— Collected data —

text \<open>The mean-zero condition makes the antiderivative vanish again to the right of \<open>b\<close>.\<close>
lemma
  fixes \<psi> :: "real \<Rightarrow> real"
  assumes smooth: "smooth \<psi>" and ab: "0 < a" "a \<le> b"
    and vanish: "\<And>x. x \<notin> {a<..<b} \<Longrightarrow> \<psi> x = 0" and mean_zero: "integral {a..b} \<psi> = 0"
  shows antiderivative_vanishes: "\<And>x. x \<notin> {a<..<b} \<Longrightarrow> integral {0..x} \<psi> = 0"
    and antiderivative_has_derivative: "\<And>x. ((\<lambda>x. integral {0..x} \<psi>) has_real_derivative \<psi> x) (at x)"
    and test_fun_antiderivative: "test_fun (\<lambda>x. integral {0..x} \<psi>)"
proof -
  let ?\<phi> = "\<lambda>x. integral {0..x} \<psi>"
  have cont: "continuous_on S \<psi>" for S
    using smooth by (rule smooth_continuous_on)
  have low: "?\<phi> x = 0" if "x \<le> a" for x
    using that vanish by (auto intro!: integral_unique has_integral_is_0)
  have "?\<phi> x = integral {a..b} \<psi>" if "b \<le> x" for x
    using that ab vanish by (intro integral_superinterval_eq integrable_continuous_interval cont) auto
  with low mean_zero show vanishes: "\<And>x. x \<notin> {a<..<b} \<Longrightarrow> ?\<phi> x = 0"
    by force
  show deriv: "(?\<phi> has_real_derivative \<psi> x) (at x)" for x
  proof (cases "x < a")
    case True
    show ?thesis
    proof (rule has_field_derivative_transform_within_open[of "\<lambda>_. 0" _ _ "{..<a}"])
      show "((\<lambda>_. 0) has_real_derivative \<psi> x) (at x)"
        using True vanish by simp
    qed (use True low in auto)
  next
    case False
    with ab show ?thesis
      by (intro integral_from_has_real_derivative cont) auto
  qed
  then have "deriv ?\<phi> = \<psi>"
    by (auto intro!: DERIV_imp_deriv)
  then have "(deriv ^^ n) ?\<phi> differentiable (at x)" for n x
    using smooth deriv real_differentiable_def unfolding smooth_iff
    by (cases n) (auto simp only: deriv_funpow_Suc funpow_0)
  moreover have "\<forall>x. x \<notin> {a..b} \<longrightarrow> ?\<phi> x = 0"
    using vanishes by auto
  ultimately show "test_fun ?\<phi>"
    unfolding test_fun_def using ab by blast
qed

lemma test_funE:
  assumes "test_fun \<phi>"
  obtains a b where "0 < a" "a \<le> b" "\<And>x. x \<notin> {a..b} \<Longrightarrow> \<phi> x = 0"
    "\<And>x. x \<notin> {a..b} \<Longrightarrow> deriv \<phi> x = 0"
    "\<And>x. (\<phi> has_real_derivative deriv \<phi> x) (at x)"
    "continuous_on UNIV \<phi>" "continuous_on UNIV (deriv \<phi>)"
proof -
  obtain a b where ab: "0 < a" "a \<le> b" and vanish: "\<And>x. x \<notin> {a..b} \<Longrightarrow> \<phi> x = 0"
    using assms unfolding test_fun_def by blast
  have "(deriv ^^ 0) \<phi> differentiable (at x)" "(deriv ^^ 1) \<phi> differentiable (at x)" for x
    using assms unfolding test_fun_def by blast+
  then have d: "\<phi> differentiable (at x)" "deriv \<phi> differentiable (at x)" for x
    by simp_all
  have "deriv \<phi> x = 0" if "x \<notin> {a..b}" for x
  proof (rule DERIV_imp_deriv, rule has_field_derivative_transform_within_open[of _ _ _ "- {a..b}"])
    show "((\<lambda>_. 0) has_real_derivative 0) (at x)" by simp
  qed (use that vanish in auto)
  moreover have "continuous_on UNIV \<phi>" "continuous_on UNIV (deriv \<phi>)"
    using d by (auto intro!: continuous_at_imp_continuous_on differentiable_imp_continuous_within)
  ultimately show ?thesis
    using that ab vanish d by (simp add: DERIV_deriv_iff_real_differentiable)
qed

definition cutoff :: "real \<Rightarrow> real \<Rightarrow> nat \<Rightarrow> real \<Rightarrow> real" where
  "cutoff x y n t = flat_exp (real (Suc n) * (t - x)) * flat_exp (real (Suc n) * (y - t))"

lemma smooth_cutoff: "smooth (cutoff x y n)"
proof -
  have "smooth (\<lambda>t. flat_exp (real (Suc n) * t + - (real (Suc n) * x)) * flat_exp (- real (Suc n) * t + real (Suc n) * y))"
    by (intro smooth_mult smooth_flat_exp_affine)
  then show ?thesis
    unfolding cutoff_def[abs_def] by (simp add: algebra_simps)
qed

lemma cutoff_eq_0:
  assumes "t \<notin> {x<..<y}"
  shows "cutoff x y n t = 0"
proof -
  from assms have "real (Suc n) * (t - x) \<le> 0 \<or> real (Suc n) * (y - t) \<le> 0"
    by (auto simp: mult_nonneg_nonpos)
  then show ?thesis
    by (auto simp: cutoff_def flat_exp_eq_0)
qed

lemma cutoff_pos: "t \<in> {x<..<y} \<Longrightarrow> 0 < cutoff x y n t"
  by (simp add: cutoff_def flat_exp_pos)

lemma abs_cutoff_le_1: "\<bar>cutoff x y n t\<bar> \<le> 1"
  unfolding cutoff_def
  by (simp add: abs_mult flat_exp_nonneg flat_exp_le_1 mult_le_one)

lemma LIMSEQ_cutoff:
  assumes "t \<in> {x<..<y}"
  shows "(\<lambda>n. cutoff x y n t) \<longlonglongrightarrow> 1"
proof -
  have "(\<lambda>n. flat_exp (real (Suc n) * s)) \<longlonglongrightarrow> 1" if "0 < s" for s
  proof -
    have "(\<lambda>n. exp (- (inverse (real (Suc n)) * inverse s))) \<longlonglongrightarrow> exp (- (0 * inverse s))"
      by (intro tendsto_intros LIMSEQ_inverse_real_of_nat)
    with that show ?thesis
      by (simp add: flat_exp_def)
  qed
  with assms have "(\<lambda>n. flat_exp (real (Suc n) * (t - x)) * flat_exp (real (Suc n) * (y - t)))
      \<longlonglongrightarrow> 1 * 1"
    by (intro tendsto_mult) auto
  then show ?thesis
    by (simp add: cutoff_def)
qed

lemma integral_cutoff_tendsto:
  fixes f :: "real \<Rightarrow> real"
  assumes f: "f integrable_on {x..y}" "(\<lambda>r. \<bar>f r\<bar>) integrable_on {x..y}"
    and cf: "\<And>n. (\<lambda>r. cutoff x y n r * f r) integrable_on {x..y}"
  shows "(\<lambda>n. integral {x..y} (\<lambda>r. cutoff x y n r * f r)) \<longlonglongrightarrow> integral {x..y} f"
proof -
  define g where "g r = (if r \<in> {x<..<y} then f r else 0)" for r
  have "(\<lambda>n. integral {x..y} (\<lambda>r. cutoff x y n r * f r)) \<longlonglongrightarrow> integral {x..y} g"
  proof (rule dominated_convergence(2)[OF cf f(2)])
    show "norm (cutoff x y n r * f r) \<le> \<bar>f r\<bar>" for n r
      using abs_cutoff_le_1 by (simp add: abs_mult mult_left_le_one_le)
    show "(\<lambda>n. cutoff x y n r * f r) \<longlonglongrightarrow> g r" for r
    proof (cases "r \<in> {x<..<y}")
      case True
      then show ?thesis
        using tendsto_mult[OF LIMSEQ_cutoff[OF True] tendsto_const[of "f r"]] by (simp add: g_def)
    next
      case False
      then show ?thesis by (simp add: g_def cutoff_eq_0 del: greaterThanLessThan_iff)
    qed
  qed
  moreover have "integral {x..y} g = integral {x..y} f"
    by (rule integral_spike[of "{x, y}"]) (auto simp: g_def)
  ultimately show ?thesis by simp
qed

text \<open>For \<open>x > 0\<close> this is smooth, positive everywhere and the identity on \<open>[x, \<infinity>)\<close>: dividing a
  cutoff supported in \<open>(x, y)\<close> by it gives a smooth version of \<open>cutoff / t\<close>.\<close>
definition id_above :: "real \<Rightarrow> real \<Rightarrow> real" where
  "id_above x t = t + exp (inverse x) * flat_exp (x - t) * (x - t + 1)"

— Task goal —
Answer with a single number, the count of lines in the data that contain "rule".

— Task solution —
5